To examine the perceived costs of political uncertainty, we exploit survey data from the Catalan Barometer of political opinions. We focus on the preferences of entrepreneurs and of individuals with a Catalan background (born in Catalonia or from Catalan parents) over the Catalan Statute, in 2005, and over Catalan independence, in 2017. In forming their preferences, entrepreneurs are more likely to consider the effect of uncertainty on the business environment, while people with a Catalan background may care more for cultural and linguistic factors. Our findings suggest that entrepreneurs favored the status quo over Catalan independence, while individuals with Catalan parents preferred fiscal decentralization and independence.
To evaluate the economic effects of political uncertainty, we use an event approach methodology that estimates the immediate stock market reaction to the occurrence of relevant events. Under the assumption of efficient capital markets, any new information provided by these events on the future economic perspectives of Catalan and non-Catalan Spanish firms should immediately be reflected in their stock market prices.

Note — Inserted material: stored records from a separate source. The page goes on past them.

text \<open>The \<open>i\<close>-th copy of \<open>T\<^sub>r\<^sub>-\<^sub>1\<close> on a trunk (counted from the bottom, starting at 0) has
  smallest key \<open>copy_offset k r n i\<close>, where \<open>n\<close> is the key of the actual leaf.\<close>

definition copy_offset :: "nat \<Rightarrow> nat \<Rightarrow> nat \<Rightarrow> nat \<Rightarrow> nat" where
  "copy_offset k r n i = n + i * (kr_size k r + 1) + 2"

lemma size_trunk: "size (trunk m s) = m * (size s + 1) + 1"
  by (induction m) auto

lemma kr_size_Suc: "kr_size k (Suc r) = kr_size k r + 1 + (k - 1) * (kr_size k r + 1) + 1"
  by (simp add: size_trunk)

lemma kr_tree_at_0: "kr_tree_at k 0 n = Node Leaf n Leaf"
  by (simp add: kr_tree_at_def)

lemma kr_tree_at_Suc:
  "kr_tree_at k (Suc r) n =
     Node (kr_tree_at k r n) (n + kr_size k r) (trunk_at k r (k - 1) (n + kr_size k r + 1))"
  by (simp add: kr_tree_at_def trunk_at_def)

lemma trunk_at_0: "trunk_at k r 0 n = Node Leaf n Leaf"
  by (simp add: trunk_at_def)

lemma trunk_at_Suc:
  "trunk_at k r (Suc m) n =
     Node (trunk_at k r m n) (n + m * (kr_size k r + 1) + 1) (kr_tree_at k r (copy_offset k r n m))"
  by (simp add: kr_tree_at_def trunk_at_def copy_offset_def size_trunk)

lemma inorder_kr_tree_at: "inorder (kr_tree_at k r n) = [n..<n + kr_size k r]"
  by (simp add: kr_tree_at_def inorder_label)

lemma inorder_trunk_at: "inorder (trunk_at k r m n) = [n..<n + m * (kr_size k r + 1) + 1]"
  by (simp add: trunk_at_def inorder_label size_trunk)

lemma bst_kr_tree_at: "bst (kr_tree_at k r n)"
  by (simp add: bst_iff_sorted_wrt_less inorder_kr_tree_at)

lemma kr_tree_at_neq_Leaf: "kr_tree_at k r n \<noteq> Leaf"
  by (cases r) (auto simp: kr_tree_at_0 kr_tree_at_Suc)

lemma trunk_at_neq_Leaf: "trunk_at k r m n \<noteq> Leaf"
  by (cases m) (auto simp: trunk_at_0 trunk_at_Suc)

text \<open>\<open>promoted_trunk f s m n\<close> rearranges \<open>trunk_at k r m n\<close> without its actual leaf \<open>n\<close>, which
  becomes the root of \<open>promoted\<close>; \<open>f j\<close> is the rearranged copy with smallest key \<open>j\<close> and \<open>s\<close> its size.\<close>

fun promoted_trunk :: "(nat \<Rightarrow> nat tree) \<Rightarrow> nat \<Rightarrow> nat \<Rightarrow> nat \<Rightarrow> nat tree" where
  "promoted_trunk f s 0 n = Leaf"
| "promoted_trunk f s (Suc 0) n = insert_leftmost (n + 1) (f (n + 2))"
| "promoted_trunk f s (Suc (Suc m)) n =
     Node (promoted_trunk f s (Suc m) n) (n + Suc m * (s + 1) + 1) (f (n + Suc m * (s + 1) + 2))"

primrec promoted :: "nat \<Rightarrow> nat \<Rightarrow> nat \<Rightarrow> nat tree" where
  "promoted k 0 n = Node Leaf n Leaf"
| "promoted k (Suc r) n =
     Node (insert_rightmost (promoted k r n) (n + kr_size k r)) (n + kr_size k r + 1)
       (promoted_trunk (promoted k r) (kr_size k r) (k - 1) (n + kr_size k r + 1))"

lemma inorder_promoted_trunk:
  assumes "\<And>j. inorder (f j) = [j..<j + s]"
  shows "inorder (promoted_trunk f s (Suc m) n) = [n + 1..<n + Suc m * (s + 1) + 1]"
proof (induction m)
  case 0
  show ?case using assms by (simp add: upt_conv_Cons)
next
  case (Suc m)
  let ?j = "n + Suc m * (s + 1) + 1"
  have "[n + 1..<n + Suc (Suc m) * (s + 1) + 1] = [n + 1..<?j] @ [?j..<n + Suc (Suc m) * (s + 1) + 1]"
    by (rule upt_append_upt[symmetric]) auto
  also have "[?j..<n + Suc (Suc m) * (s + 1) + 1] = ?j # [?j + 1..<?j + 1 + s]"
    by (subst upt_conv_Cons) (auto simp: algebra_simps)
  finally show ?case using Suc assms by simp
qed

lemma inorder_promoted: "k \<ge> 2 \<Longrightarrow> inorder (promoted k r n) = [n..<n + kr_size k r]"
proof (induction r arbitrary: n)
  case 0
  show ?case by simp
next
  case (Suc r)
  let ?s = "kr_size k r"
  obtain m where m: "k - 1 = Suc m" using Suc.prems by (cases "k - 1") auto
  have copies: "\<And>j. inorder (promoted k r j) = [j..<j + ?s]" using Suc by simp
  have "[n..<n + kr_size k (Suc r)] = [n..<n + ?s] @ [n + ?s..<n + kr_size k (Suc r)]"
    by (rule upt_append_upt[symmetric]) auto
  also have "[n + ?s..<n + kr_size k (Suc r)]
      = (n + ?s) # (n + ?s + 1) # [n + ?s + 2..<n + ?s + 1 + Suc m * (?s + 1) + 1]"
    unfolding kr_size_Suc m by (simp add: upt_conv_Cons algebra_simps del: upt_Suc)
  finally show ?case
    using copies inorder_promoted_trunk[OF copies, of m "n + ?s + 1"] m
    by (simp add: add.assoc del: upt_Suc)
qed

lemma bst_promoted: "k \<ge> 2 \<Longrightarrow> bst (promoted k r n)"
  by (simp add: bst_iff_sorted_wrt_less inorder_promoted)

lemma set_promoted: "k \<ge> 2 \<Longrightarrow> set_tree (promoted k r n) = set_tree (kr_tree_at k r n)"
  by (simp flip: set_inorder add: inorder_promoted inorder_kr_tree_at)

lemma weight_promoted: "k \<ge> 2 \<Longrightarrow> weight c (promoted k r n) = weight c (kr_tree_at k r n)"
  by (simp add: weight_eq_sum_list inorder_promoted inorder_kr_tree_at)

lemma weight_trunk_at_promoted_trunk:
  assumes "k \<ge> 2"
  shows "weight c (trunk_at k r (Suc m) n)
       = c n + weight c (promoted_trunk (promoted k r) (kr_size k r) (Suc m) n)"
proof -
  have "\<And>j. inorder (promoted k r j) = [j..<j + kr_size k r]"
    using inorder_promoted[OF assms] by simp
  from inorder_promoted_trunk[OF this] show ?thesis
    unfolding weight_eq_sum_list inorder_trunk_at
    by (subst upt_conv_Cons) (auto simp del: upt_Suc)
qed

section \<open>The gain recursion\<close>

definition gain :: "nat \<Rightarrow> (nat \<Rightarrow> nat) \<Rightarrow> nat \<Rightarrow> nat \<Rightarrow> real" where
  "gain k c r n =
     real (weighted_depth c (kr_tree_at k r n)) - real (weighted_depth c (promoted k r n))"

definition trunk_gain :: "nat \<Rightarrow> (nat \<Rightarrow> nat) \<Rightarrow> nat \<Rightarrow> nat \<Rightarrow> nat \<Rightarrow> real" where
  "trunk_gain k c r m n =
     real (weighted_depth c (trunk_at k r m n))
     - real (weighted_depth c (promoted_trunk (promoted k r) (kr_size k r) m n))"

lemma gain_0: "gain k c 0 n = 0"
  by (simp add: gain_def kr_tree_at_0)

lemma trunk_gain_1:
  assumes "k \<ge> 2" "c (n + 1) = 0"
  shows "trunk_gain k c r 1 n
       = c n + weight c (kr_tree_at k r (copy_offset k r n 0)) + gain k c r (copy_offset k r n 0)"
  using assms trunk_at_Suc[of k r 0 n]
  by (simp add: trunk_gain_def gain_def trunk_at_0 copy_offset_def weighted_depth_insert_leftmost
      weight_promoted)

lemma trunk_gain_Suc_Suc:
  assumes "k \<ge> 2"
  shows "trunk_gain k c r (Suc (Suc m)) n
       = trunk_gain k c r (Suc m) n + c n + gain k c r (copy_offset k r n (Suc m))"
  using trunk_at_Suc[of k r "Suc m" n] weight_trunk_at_promoted_trunk[OF assms, of c r m n]
    weight_promoted[OF assms, of c r "copy_offset k r n (Suc m)"]
  by (simp add: trunk_gain_def gain_def copy_offset_def)

lemma trunk_gain_eq:
  assumes "k \<ge> 2" "c (n + 1) = 0"
  shows "trunk_gain k c r (Suc m) n
       = Suc m * c n + weight c (kr_tree_at k r (copy_offset k r n 0))
         + (\<Sum>i\<le>m. gain k c r (copy_offset k r n i))"
proof (induction m)
  case 0
  show ?case using trunk_gain_1[where c = c and n = n, OF assms] by simp
next
  case (Suc m)
  show ?case using trunk_gain_Suc_Suc[OF assms(1), of c r m n] Suc by (simp add: algebra_simps)
qed

lemma gain_Suc:
  assumes "k \<ge> 2" "c (n + kr_size k r) = 0"
  shows "gain k c (Suc r) n
       = gain k c r n + trunk_gain k c r (k - 1) (n + kr_size k r + 1) + c (n + kr_size k r + 1)"
proof -
  obtain m where m: "k = Suc (Suc m)" using assms(1) by (rule ge_two_SucSucE)
  let ?hung = "insert_rightmost (promoted k r n) (n + kr_size k r)"
  have "weight c ?hung = weight c (kr_tree_at k r n)"
    using assms weight_promoted by (simp add: weight_eq_sum_list)
  moreover have "weighted_depth c ?hung = weighted_depth c (promoted k r n)"
    using weighted_depth_insert_rightmost assms(2) .
  ultimately show ?thesis
    using weight_trunk_at_promoted_trunk[OF assms(1), of c r m "n + kr_size k r + 1"]
    by (simp add: gain_def trunk_gain_def kr_tree_at_Suc m)
qed

fun balanced :: "(nat \<Rightarrow> nat \<Rightarrow> bool) \<Rightarrow> ('a \<Rightarrow> nat) \<Rightarrow> 'a tree \<Rightarrow> bool" where
  "balanced R c Leaf = True"
| "balanced R c (Node l a r) =
     (balanced R c l \<and> balanced R c r \<and>
      (l \<noteq> Leaf \<or> r \<noteq> Leaf \<longrightarrow> c a = 0 \<and> R (weight c l) (weight c r)))"

lemma balanced_iff_inner_subtrees:
  "balanced R c t \<longleftrightarrow>
     (\<forall>v\<in>subtrees t. inner v \<longrightarrow> c (value v) = 0 \<and> R (weight c (left v)) (weight c (right v)))"
proof (induction t)
  case (Node l a r)
  thus ?case by (simp add: inner_def) blast
qed (simp add: inner_def)

definition within_factor_two :: "nat \<Rightarrow> nat \<Rightarrow> bool" where
  "within_factor_two a b \<longleftrightarrow> a \<le> 2 * b \<and> b \<le> 2 * a"

lemma balanced_trunk_at_bottom:
  "balanced R c (trunk_at k r (Suc m) n) \<Longrightarrow>
     c (n + 1) = 0 \<and> R (c n) (weight c (kr_tree_at k r (copy_offset k r n 0)))"
  by (induction m) (auto simp: trunk_at_Suc trunk_at_0 kr_tree_at_neq_Leaf)

lemma balanced_trunk_at_copies:
  "balanced R c (trunk_at k r (Suc m) n) \<Longrightarrow> i \<le> m \<Longrightarrow>
     balanced R c (kr_tree_at k r (copy_offset k r n i))"
  by (induction m) (auto simp: trunk_at_Suc le_Suc_eq)

lemma weight_balanced_trunk_at:
  "balanced R c (trunk_at k r (Suc m) n) \<Longrightarrow>
     weight c (trunk_at k r (Suc m) n)
       = c n + (\<Sum>i\<le>m. weight c (kr_tree_at k r (copy_offset k r n i)))"
  by (induction m) (auto simp: trunk_at_Suc trunk_at_0 kr_tree_at_neq_Leaf trunk_at_neq_Leaf)

lemma weight_trunk_at_le:
  "balanced within_factor_two c (trunk_at k r (Suc m) n) \<Longrightarrow>
     weight c (trunk_at k r (Suc m) n) \<le> 3 ^ Suc m * c n"
proof (induction m)
  case 0
  thus ?case by (auto simp: trunk_at_Suc trunk_at_0 within_factor_two_def)
next
  case (Suc m)
  let ?w = "weight c (trunk_at k r (Suc m) n)"
  have "weight c (trunk_at k r (Suc (Suc m)) n) \<le> 3 * ?w"
    using Suc.prems by (auto simp: trunk_at_Suc [of _ _ "Suc m"] within_factor_two_def trunk_at_neq_Leaf)
  also have "\<dots> \<le> 3 ^ Suc (Suc m) * c n"
    using Suc by (simp add: trunk_at_Suc [of _ _ "Suc m"] mult_ac)
  finally show ?case .
qed

lemma weight_trunk_at_eq:
  "balanced (=) c (trunk_at k r (Suc m) n) \<Longrightarrow> weight c (trunk_at k r (Suc m) n) = 2 ^ Suc m * c n"
  by (induction m) (auto simp: trunk_at_Suc trunk_at_0 trunk_at_neq_Leaf mult_ac)

context
  fixes k m r n :: nat and R :: "nat \<Rightarrow> nat \<Rightarrow> bool" and c :: "nat \<Rightarrow> nat"
  assumes k: "k = Suc (Suc m)" and bal: "balanced R c (kr_tree_at k (Suc r) n)"
begin

abbreviation (input) trunk_base :: nat where
  "trunk_base \<equiv> n + kr_size k r + 1"

lemma balanced_kr_tree_at_Suc_parts:
  "c (n + kr_size k r) = 0"
  "R (weight c (kr_tree_at k r n)) (weight c (trunk_at k r (Suc m) trunk_base))"
  "balanced R c (kr_tree_at k r n)"
  "balanced R c (trunk_at k r (Suc m) trunk_base)"
  using bal by (simp_all add: kr_tree_at_Suc k kr_tree_at_neq_Leaf)

lemma balanced_kr_tree_at_Suc_copies:
  "i \<le> m \<Longrightarrow> balanced R c (kr_tree_at k r (copy_offset k r trunk_base i))"
  using balanced_trunk_at_copies balanced_kr_tree_at_Suc_parts(4) by blast

lemma weight_kr_tree_at_Suc:
  "weight c (kr_tree_at k (Suc r) n)
     = weight c (kr_tree_at k r n) + c trunk_base
       + (\<Sum>i\<le>m. weight c (kr_tree_at k r (copy_offset k r trunk_base i)))"
  using balanced_kr_tree_at_Suc_parts(1) weight_balanced_trunk_at[OF balanced_kr_tree_at_Suc_parts(4)]
  by (simp add: kr_tree_at_Suc k)

lemma gain_kr_tree_at_Suc:
  "gain k c (Suc r) n
     = gain k c r n + k * c trunk_base + weight c (kr_tree_at k r (copy_offset k r trunk_base 0))
       + (\<Sum>i\<le>m. gain k c r (copy_offset k r trunk_base i))"
proof -
  have "k \<ge> 2" using k by simp
  moreover have "c (trunk_base + 1) = 0"
    using balanced_trunk_at_bottom[OF balanced_kr_tree_at_Suc_parts(4)] by simp
  ultimately show ?thesis
    using gain_Suc[where c = c and n = n, OF \<open>k \<ge> 2\<close> balanced_kr_tree_at_Suc_parts(1)]
      trunk_gain_eq[of k c trunk_base r m]
    by (simp add: k algebra_simps)
qed

lemma gain_kr_tree_at_Suc_ge:
  fixes \<beta> :: real
  assumes IH: "\<And>j. balanced R c (kr_tree_at k r j) \<Longrightarrow>
                 \<beta> * weight c (kr_tree_at k r j) \<le> gain k c r j"
  shows "k * c trunk_base + weight c (kr_tree_at k r (copy_offset k r trunk_base 0))
           + \<beta> * (weight c (kr_tree_at k (Suc r) n) - real (c trunk_base))
         \<le> gain k c (Suc r) n"
proof -
  have "(\<Sum>i\<le>m. \<beta> * weight c (kr_tree_at k r (copy_offset k r trunk_base i)))
      \<le> (\<Sum>i\<le>m. gain k c r (copy_offset k r trunk_base i))"
    by (intro sum_mono IH balanced_kr_tree_at_Suc_copies) simp
  thus ?thesis
    using IH[OF balanced_kr_tree_at_Suc_parts(3)]
    unfolding gain_kr_tree_at_Suc weight_kr_tree_at_Suc
    by (simp add: algebra_simps sum_distrib_left)
qed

We focus on four main events that were unanticipated or whose outcome was ex-ante uncertain: the approval of the Catalan Statute by the Spanish Parliament on May 2006; the 2010 ruling of the Constitutional Court emending the Statute; the 2017 Catalan referendum of independence, and the subsequent Catalan Parliament declaration of independence, followed by the Spanish Senate response. We measure the (abnormal) stock market reaction for Catalan and non-Catalan Spanish listed companies. Our empirical evidence suggests that Catalan firms in the tradable sectors posted negative returns after the initial approval of the Catalan Statute by the Spanish Parliament, but positive returns after the ruling of the Constitutional Court. The political uncertainty associated with the October 2017 events prompted even stronger stock market reactions. Large negative abnormal returns emerged for Catalan firms after the referendum. Our analysis identifies also large positive abnormal returns after the contemporaneous declaration of Catalan independence and the reaction by the Spanish Senate. As expected by the entrepreneurs, the political uncertainty associated with more autonomy and independence may be detrimental to the business environment.